**Problem requirements**
Every record needs to be set down again without a single difference.

Dataset records

lemma x_update_first_order:
  assumes u: "u \<in> D"
  shows "inner (lam k + \<rho>1 *\<^sub>R (A (x (Suc k)) - b)) (A u)
       + inner (mu k + \<rho>2 *\<^sub>R (W (x (Suc k)) - y k)) (W u) = 0"
proof -
  let ?xp = "x (Suc k)"
  define \<Phi> where "\<Phi> w = inner (lam k) (A w) + inner (mu k) (W w)
      + \<rho>1 / 2 * (norm (A w - b))\<^sup>2 + \<rho>2 / 2 * (norm (W w - y k))\<^sup>2" for w
  define L where "L = inner (lam k + \<rho>1 *\<^sub>R (A ?xp - b)) (A u)
      + inner (mu k + \<rho>2 *\<^sub>R (W ?xp - y k)) (W u)"
  define M where "M = \<rho>1 / 2 * (norm (A u))\<^sup>2 + \<rho>2 / 2 * (norm (W u))\<^sup>2"
  have min: "\<Phi> ?xp \<le> \<Phi> w" if "w \<in> D" for w
    using admm_iterates that unfolding admm_def \<Phi>_def by blast
  have "0 \<le> t * L + t\<^sup>2 * M" for t
  proof -
    have tu: "t *\<^sub>R u \<in> D" using subspace_D u by (simp add: subspace_scale)
    then have "?xp + t *\<^sub>R u \<in> D" using subspace_D x_in_D by (simp add: subspace_add)
    then have "0 \<le> \<Phi> (?xp + t *\<^sub>R u) - \<Phi> ?xp" using min by simp
    moreover have "\<Phi> (?xp + t *\<^sub>R u) - \<Phi> ?xp = t * L + t\<^sup>2 * M"
    proof -
      have W_shift: "W (?xp + t *\<^sub>R u) = W ?xp + t *\<^sub>R W u"
        using W_add[OF x_in_D tu] W_scaleR[OF u] by simp
      have "A (?xp + t *\<^sub>R u) - b = (A ?xp - b) + t *\<^sub>R A u"
        by (simp add: A.add A.scaleR)
      then have nA: "(norm (A (?xp + t *\<^sub>R u) - b))\<^sup>2
          = (norm (A ?xp - b))\<^sup>2 + 2 * t * inner (A ?xp - b) (A u) + t\<^sup>2 * (norm (A u))\<^sup>2"
        by (simp only: power2_norm_add_scaleR)
      have "W (?xp + t *\<^sub>R u) - y k = (W ?xp - y k) + t *\<^sub>R W u"
        by (simp add: W_shift)
      then have nW: "(norm (W (?xp + t *\<^sub>R u) - y k))\<^sup>2
          = (norm (W ?xp - y k))\<^sup>2 + 2 * t * inner (W ?xp - y k) (W u) + t\<^sup>2 * (norm (W u))\<^sup>2"
        by (simp only: power2_norm_add_scaleR)
      have iW: "inner (mu k) (W (?xp + t *\<^sub>R u)) = inner (mu k) (W ?xp) + t * inner (mu k) (W u)"
        by (simp add: W_shift inner_add_right)
      show ?thesis unfolding \<Phi>_def nA nW iW
        by (simp add: L_def M_def A.add A.scaleR inner_add_left inner_add_right algebra_simps)
    qed
    ultimately show ?thesis by simp
  qed
  moreover have "M \<ge> 0" using \<rho>1_pos \<rho>2_pos by (simp add: M_def)
  ultimately have "L = 0" by (rule linear_coeff_zero_if_quadratic_nonneg)
  then show ?thesis by (simp add: L_def)
qed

**Response for this exercise**
lemma x_update_first_order:
  assumes u: "u \<in> D"
  shows "inner (lam k + \<rho>1 *\<^sub>R (A (x (Suc k)) - b)) (A u)
       + inner (mu k + \<rho>2 *\<^sub>R (W (x (Suc k)) - y k)) (W u) = 0"
proof -
  let ?xp = "x (Suc k)"
  define \<Phi> where "\<Phi> w = inner (lam k) (A w) + inner (mu k) (W w)
      + \<rho>1 / 2 * (norm (A w - b))\<^sup>2 + \<rho>2 / 2 * (norm (W w - y k))\<^sup>2" for w
  define L where "L = inner (lam k + \<rho>1 *\<^sub>R (A ?xp - b)) (A u)
      + inner (mu k + \<rho>2 *\<^sub>R (W ?xp - y k)) (W u)"
  define M where "M = \<rho>1 / 2 * (norm (A u))\<^sup>2 + \<rho>2 / 2 * (norm (W u))\<^sup>2"
  have min: "\<Phi> ?xp \<le> \<Phi> w" if "w \<in> D" for w
    using admm_iterates that unfolding admm_def \<Phi>_def by blast
  have "0 \<le> t * L + t\<^sup>2 * M" for t
  proof -
    have tu: "t *\<^sub>R u \<in> D" using subspace_D u by (simp add: subspace_scale)
    then have "?xp + t *\<^sub>R u \<in> D" using subspace_D x_in_D by (simp add: subspace_add)
    then have "0 \<le> \<Phi> (?xp + t *\<^sub>R u) - \<Phi> ?xp" using min by simp
    moreover have "\<Phi> (?xp + t *\<^sub>R u) - \<Phi> ?xp = t * L + t\<^sup>2 * M"
    proof -
      have W_shift: "W (?xp + t *\<^sub>R u) = W ?xp + t *\<^sub>R W u"
        using W_add[OF x_in_D tu] W_scaleR[OF u] by simp
      have "A (?xp + t *\<^sub>R u) - b = (A ?xp - b) + t *\<^sub>R A u"
        by (simp add: A.add A.scaleR)
      then have nA: "(norm (A (?xp + t *\<^sub>R u) - b))\<^sup>2
          = (norm (A ?xp - b))\<^sup>2 + 2 * t * inner (A ?xp - b) (A u) + t\<^sup>2 * (norm (A u))\<^sup>2"
        by (simp only: power2_norm_add_scaleR)
      have "W (?xp + t *\<^sub>R u) - y k = (W ?xp - y k) + t *\<^sub>R W u"
        by (simp add: W_shift)
      then have nW: "(norm (W (?xp + t *\<^sub>R u) - y k))\<^sup>2
          = (norm (W ?xp - y k))\<^sup>2 + 2 * t * inner (W ?xp - y k) (W u) + t\<^sup>2 * (norm (W u))\<^sup>2"
        by (simp only: power2_norm_add_scaleR)
      have iW: "inner (mu k) (W (?xp + t *\<^sub>R u)) = inner (mu k) (W ?xp) + t * inner (mu k) (W u)"
        by (simp add: W_shift inner_add_right)
      show ?thesis unfolding \<Phi>_def nA nW iW
        by (simp add: L_def M_def A.add A.scaleR inner_add_left inner_add_right algebra_simps)
    qed
    ultimately show ?thesis by simp
  qed
  moreover have "M \<ge> 0" using \<rho>1_pos \<rho>2_pos by (simp add: M_def)
  ultimately have "L = 0" by (rule linear_coeff_zero_if_quadratic_nonneg)
  then show ?thesis by (simp add: L_def)
qed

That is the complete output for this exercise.